EXTRACTED INFORMATION START
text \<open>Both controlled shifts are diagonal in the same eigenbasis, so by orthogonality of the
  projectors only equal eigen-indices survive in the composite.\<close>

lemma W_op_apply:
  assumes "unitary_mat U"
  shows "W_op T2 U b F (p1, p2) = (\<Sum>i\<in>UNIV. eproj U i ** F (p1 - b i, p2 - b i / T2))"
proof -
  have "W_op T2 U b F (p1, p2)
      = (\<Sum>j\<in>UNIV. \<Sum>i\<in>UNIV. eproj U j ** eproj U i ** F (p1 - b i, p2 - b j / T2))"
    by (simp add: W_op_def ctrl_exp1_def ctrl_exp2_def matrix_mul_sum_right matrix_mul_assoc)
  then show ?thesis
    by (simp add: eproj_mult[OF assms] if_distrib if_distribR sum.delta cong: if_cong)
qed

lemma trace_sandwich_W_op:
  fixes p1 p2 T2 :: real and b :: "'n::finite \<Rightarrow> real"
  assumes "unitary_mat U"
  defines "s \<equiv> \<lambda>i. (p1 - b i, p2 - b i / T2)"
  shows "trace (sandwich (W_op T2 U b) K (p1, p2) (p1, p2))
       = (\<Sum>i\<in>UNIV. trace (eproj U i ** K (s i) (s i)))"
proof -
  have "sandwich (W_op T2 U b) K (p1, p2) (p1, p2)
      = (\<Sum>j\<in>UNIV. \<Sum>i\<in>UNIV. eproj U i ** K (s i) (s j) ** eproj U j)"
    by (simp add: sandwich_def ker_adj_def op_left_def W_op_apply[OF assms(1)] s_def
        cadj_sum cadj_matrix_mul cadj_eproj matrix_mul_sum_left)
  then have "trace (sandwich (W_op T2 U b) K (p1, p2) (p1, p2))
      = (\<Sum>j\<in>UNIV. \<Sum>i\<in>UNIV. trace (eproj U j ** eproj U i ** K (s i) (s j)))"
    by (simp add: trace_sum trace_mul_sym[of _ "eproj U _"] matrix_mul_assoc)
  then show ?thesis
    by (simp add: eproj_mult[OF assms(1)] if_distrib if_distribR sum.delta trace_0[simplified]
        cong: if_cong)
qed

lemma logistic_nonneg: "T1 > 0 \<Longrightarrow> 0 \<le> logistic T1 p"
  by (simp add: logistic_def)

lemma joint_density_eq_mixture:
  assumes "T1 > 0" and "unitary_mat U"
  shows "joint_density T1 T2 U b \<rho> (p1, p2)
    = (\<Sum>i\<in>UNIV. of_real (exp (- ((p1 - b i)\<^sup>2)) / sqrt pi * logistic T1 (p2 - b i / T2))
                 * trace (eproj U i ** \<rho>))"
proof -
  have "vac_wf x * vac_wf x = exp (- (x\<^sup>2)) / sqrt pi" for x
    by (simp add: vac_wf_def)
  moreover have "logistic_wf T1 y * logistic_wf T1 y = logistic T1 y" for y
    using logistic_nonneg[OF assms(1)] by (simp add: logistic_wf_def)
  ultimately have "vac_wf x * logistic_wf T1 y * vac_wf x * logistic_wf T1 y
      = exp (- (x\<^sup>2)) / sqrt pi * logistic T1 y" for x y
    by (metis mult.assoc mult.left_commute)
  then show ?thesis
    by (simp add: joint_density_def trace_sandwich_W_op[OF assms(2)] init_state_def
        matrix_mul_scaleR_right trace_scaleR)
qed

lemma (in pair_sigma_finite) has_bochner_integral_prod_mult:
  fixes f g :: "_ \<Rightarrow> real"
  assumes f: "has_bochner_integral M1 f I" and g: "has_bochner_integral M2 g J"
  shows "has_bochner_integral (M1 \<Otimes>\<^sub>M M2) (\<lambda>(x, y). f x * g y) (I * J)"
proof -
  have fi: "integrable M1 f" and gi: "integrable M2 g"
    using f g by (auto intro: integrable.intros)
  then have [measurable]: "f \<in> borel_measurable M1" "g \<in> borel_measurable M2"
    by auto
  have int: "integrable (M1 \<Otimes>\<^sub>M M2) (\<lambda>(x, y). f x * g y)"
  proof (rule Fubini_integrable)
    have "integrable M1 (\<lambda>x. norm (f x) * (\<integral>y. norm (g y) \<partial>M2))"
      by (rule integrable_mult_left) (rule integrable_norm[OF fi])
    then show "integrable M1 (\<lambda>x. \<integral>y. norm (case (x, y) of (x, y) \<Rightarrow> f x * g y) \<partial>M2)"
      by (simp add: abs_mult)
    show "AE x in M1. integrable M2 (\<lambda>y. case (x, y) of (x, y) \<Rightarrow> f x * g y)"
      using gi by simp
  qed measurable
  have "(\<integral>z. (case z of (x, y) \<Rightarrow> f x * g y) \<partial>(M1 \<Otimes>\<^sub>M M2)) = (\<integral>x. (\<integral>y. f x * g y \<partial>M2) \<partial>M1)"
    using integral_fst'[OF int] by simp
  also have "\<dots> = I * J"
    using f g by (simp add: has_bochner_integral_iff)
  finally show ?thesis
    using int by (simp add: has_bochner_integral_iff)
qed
EXTRACTED INFORMATION END
EXTRACTED INFORMATION START
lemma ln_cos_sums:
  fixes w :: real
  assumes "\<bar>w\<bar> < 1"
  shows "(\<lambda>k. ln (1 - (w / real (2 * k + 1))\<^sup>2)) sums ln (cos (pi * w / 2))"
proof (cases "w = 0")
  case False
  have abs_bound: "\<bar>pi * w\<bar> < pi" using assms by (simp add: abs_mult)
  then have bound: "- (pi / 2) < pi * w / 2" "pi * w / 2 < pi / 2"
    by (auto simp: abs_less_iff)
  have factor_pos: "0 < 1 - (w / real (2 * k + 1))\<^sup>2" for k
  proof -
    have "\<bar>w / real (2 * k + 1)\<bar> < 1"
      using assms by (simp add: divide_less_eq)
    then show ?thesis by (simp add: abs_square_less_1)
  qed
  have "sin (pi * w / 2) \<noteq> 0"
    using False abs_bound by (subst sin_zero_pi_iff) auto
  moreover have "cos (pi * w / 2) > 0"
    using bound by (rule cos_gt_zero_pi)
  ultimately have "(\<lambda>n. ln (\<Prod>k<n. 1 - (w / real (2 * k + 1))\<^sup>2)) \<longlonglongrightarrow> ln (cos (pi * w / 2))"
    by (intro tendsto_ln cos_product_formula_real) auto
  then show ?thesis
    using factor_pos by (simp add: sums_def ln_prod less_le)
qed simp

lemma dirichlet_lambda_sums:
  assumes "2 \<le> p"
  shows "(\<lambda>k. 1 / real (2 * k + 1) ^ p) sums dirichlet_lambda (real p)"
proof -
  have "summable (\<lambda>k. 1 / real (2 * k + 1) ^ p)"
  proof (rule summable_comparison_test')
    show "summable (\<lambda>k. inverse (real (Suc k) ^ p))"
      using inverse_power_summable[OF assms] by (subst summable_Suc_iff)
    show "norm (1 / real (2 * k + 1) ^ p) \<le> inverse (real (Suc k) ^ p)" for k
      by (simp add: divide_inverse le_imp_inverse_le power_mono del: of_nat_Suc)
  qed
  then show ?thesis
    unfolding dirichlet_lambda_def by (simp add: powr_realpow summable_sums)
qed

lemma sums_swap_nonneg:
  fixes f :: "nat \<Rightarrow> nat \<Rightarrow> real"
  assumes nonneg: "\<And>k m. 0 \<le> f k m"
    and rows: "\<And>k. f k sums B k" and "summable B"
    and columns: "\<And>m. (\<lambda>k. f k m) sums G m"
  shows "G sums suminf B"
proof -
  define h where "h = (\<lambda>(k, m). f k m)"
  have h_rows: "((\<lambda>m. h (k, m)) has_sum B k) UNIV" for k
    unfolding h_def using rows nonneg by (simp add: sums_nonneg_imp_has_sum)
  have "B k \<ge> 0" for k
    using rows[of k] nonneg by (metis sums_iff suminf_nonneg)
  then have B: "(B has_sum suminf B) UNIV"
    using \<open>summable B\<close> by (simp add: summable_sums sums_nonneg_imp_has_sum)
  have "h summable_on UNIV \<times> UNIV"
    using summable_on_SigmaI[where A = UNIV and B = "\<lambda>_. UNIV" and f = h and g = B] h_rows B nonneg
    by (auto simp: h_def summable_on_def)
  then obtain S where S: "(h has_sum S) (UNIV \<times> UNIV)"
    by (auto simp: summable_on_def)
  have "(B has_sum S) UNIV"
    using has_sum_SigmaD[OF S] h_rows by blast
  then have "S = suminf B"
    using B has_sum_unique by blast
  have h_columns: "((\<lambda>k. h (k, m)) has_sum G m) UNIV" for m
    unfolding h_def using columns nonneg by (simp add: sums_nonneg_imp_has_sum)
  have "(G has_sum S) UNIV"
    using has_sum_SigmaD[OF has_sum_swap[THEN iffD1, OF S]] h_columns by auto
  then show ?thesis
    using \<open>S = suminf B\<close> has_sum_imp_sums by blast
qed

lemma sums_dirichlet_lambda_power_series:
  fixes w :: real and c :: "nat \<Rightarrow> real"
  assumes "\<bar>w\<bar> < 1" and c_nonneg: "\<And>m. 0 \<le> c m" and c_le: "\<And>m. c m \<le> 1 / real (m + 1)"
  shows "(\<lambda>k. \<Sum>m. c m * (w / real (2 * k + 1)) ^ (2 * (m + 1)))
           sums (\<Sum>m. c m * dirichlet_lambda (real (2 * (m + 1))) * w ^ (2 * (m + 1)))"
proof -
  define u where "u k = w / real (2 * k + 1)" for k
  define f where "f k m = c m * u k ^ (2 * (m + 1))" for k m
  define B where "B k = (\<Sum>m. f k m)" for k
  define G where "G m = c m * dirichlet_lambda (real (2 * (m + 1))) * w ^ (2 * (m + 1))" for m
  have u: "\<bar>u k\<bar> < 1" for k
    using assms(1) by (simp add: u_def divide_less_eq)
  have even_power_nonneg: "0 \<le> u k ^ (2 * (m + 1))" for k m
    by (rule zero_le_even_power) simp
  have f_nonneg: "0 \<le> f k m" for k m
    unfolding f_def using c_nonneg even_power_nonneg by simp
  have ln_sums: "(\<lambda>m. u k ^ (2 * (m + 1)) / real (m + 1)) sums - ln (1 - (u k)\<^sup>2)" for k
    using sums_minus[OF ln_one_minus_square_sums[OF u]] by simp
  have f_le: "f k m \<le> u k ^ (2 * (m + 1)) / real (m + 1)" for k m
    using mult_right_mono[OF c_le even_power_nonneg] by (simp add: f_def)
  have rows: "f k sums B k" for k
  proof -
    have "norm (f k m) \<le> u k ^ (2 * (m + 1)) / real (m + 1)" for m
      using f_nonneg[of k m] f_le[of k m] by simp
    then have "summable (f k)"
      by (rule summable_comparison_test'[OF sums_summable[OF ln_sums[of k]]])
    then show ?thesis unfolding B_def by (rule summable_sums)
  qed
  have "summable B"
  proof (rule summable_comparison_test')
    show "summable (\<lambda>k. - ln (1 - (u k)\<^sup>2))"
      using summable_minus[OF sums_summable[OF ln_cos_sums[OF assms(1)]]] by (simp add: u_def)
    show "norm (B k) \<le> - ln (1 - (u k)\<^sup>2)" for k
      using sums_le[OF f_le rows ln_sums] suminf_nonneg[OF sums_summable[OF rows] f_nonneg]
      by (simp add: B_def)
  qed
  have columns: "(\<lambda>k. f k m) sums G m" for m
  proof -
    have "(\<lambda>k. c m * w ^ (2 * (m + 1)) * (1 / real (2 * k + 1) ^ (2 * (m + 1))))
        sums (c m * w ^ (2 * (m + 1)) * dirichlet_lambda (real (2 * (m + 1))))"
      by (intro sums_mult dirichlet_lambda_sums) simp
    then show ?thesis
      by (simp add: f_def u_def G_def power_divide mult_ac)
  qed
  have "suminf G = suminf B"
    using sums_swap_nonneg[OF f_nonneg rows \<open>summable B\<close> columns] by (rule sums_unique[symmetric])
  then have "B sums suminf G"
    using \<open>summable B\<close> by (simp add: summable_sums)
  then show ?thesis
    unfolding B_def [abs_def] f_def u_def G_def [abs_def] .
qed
EXTRACTED INFORMATION END
EXTRACTED INFORMATION START
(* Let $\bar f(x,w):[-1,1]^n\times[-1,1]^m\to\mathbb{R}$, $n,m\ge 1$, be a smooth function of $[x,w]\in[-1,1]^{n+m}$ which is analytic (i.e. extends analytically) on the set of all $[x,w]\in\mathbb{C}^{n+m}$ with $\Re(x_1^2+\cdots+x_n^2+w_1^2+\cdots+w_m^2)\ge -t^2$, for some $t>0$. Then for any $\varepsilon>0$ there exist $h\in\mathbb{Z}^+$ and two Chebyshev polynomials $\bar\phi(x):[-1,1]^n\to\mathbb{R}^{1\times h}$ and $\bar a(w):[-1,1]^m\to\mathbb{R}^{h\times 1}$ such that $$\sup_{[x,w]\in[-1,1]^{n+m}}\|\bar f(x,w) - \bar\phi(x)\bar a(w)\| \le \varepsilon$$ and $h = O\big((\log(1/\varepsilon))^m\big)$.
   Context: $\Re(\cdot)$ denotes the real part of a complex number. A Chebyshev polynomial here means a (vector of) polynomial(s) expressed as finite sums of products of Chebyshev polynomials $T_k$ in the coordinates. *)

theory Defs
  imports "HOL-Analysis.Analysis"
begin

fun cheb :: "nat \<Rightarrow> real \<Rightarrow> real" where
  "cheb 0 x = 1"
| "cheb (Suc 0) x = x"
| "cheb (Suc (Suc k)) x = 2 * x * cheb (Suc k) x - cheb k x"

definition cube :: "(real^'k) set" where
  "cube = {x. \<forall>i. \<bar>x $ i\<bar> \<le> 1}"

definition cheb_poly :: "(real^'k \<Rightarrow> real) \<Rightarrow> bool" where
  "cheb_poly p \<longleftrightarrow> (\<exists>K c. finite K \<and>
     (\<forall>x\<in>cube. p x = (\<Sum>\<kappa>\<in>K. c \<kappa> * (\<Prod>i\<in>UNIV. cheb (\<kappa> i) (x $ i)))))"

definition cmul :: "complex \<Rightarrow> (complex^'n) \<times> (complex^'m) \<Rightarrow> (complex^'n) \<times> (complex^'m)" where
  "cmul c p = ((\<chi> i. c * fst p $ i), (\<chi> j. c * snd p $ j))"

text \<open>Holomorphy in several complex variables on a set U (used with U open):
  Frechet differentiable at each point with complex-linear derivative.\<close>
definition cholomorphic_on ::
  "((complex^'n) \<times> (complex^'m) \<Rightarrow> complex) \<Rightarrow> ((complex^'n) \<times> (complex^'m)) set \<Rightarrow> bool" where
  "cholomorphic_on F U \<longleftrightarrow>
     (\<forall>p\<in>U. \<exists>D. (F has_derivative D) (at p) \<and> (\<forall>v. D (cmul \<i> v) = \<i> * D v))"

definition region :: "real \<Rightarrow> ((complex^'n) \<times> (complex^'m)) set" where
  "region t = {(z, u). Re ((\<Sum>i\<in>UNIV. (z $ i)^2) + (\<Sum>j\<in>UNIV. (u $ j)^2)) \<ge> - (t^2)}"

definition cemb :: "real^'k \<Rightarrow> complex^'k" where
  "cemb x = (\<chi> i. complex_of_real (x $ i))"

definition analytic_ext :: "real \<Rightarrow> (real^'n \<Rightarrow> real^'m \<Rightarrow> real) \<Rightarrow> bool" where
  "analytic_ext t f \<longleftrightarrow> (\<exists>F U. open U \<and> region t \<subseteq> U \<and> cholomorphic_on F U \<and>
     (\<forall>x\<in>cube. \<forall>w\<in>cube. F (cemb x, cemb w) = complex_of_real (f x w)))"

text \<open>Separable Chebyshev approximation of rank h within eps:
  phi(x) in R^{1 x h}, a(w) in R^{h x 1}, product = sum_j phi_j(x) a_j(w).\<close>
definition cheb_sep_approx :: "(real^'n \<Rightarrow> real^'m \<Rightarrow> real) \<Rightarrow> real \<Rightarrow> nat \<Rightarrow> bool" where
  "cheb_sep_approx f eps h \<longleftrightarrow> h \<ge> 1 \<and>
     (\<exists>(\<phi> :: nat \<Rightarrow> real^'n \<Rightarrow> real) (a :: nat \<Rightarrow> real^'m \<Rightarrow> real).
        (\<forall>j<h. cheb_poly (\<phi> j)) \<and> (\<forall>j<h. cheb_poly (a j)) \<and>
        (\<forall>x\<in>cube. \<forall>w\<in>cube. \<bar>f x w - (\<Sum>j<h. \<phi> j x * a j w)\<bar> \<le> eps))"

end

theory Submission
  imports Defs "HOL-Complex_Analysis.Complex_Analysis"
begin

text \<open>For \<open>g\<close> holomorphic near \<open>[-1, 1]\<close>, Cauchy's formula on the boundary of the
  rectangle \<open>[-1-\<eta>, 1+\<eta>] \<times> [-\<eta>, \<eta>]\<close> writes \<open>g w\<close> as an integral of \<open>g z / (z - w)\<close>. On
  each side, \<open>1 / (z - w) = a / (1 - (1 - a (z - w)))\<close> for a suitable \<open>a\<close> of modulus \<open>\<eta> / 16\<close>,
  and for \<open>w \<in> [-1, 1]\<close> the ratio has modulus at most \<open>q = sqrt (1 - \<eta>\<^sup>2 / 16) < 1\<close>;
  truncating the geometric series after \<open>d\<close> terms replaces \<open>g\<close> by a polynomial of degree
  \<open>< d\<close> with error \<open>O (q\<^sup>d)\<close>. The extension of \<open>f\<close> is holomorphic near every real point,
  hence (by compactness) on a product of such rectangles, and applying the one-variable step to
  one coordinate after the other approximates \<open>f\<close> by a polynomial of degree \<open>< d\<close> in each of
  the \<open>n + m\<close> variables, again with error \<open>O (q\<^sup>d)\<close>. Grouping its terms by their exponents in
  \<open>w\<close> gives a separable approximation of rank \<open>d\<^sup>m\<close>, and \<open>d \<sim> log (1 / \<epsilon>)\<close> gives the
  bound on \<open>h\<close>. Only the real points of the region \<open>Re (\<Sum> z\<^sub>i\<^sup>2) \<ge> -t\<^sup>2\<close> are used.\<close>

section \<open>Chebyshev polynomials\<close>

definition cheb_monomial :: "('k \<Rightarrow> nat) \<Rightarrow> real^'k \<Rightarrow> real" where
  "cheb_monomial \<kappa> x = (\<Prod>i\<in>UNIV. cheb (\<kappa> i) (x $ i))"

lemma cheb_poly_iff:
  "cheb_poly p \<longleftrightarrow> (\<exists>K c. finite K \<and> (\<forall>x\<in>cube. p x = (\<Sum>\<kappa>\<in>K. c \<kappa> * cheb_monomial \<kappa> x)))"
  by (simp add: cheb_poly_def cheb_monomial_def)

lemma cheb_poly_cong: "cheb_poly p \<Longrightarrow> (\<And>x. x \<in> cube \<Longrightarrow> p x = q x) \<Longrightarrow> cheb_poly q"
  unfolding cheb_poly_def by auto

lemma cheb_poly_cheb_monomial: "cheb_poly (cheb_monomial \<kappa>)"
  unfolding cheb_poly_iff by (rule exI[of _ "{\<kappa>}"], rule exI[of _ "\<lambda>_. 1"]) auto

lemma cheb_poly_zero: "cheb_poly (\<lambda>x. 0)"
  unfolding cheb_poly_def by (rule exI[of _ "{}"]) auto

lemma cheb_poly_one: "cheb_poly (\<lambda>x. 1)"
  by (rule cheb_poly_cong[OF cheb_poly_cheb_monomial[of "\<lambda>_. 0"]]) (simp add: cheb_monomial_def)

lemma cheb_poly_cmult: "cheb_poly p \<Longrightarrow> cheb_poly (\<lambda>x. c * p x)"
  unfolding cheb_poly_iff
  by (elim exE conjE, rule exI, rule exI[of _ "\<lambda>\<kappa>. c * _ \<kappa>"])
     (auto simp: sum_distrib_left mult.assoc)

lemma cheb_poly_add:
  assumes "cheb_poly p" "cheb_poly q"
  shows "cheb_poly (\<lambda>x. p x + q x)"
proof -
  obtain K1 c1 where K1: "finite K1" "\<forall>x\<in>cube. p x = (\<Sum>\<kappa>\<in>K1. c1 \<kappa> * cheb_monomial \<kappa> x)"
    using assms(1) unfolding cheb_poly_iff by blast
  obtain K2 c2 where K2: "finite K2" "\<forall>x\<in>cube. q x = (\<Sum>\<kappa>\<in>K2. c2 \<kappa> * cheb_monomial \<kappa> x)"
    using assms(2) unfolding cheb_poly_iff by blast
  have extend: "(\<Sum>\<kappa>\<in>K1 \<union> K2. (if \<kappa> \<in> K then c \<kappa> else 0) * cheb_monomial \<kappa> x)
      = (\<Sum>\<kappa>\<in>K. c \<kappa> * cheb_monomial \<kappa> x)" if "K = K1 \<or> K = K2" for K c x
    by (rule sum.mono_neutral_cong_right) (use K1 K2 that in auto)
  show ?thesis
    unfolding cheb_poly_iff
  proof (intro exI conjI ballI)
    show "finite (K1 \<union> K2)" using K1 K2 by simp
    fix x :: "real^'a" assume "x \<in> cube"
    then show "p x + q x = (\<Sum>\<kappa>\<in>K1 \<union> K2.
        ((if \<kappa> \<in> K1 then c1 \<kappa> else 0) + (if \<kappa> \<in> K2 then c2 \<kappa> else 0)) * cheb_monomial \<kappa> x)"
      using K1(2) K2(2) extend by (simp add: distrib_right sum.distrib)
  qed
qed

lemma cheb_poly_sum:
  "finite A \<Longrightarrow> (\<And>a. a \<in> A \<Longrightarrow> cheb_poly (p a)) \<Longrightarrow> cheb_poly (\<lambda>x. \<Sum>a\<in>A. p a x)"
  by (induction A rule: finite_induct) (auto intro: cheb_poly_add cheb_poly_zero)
EXTRACTED INFORMATION END
## YOUR ASSIGNMENT
Show, from the records above, every line that includes "union".

## WRITTEN SOLUTION
  have extend: "(\<Sum>\<kappa>\<in>K1 \<union> K2. (if \<kappa> \<in> K then c \<kappa> else 0) * cheb_monomial \<kappa> x)
    show "finite (K1 \<union> K2)" using K1 K2 by simp
    then show "p x + q x = (\<Sum>\<kappa>\<in>K1 \<union> K2.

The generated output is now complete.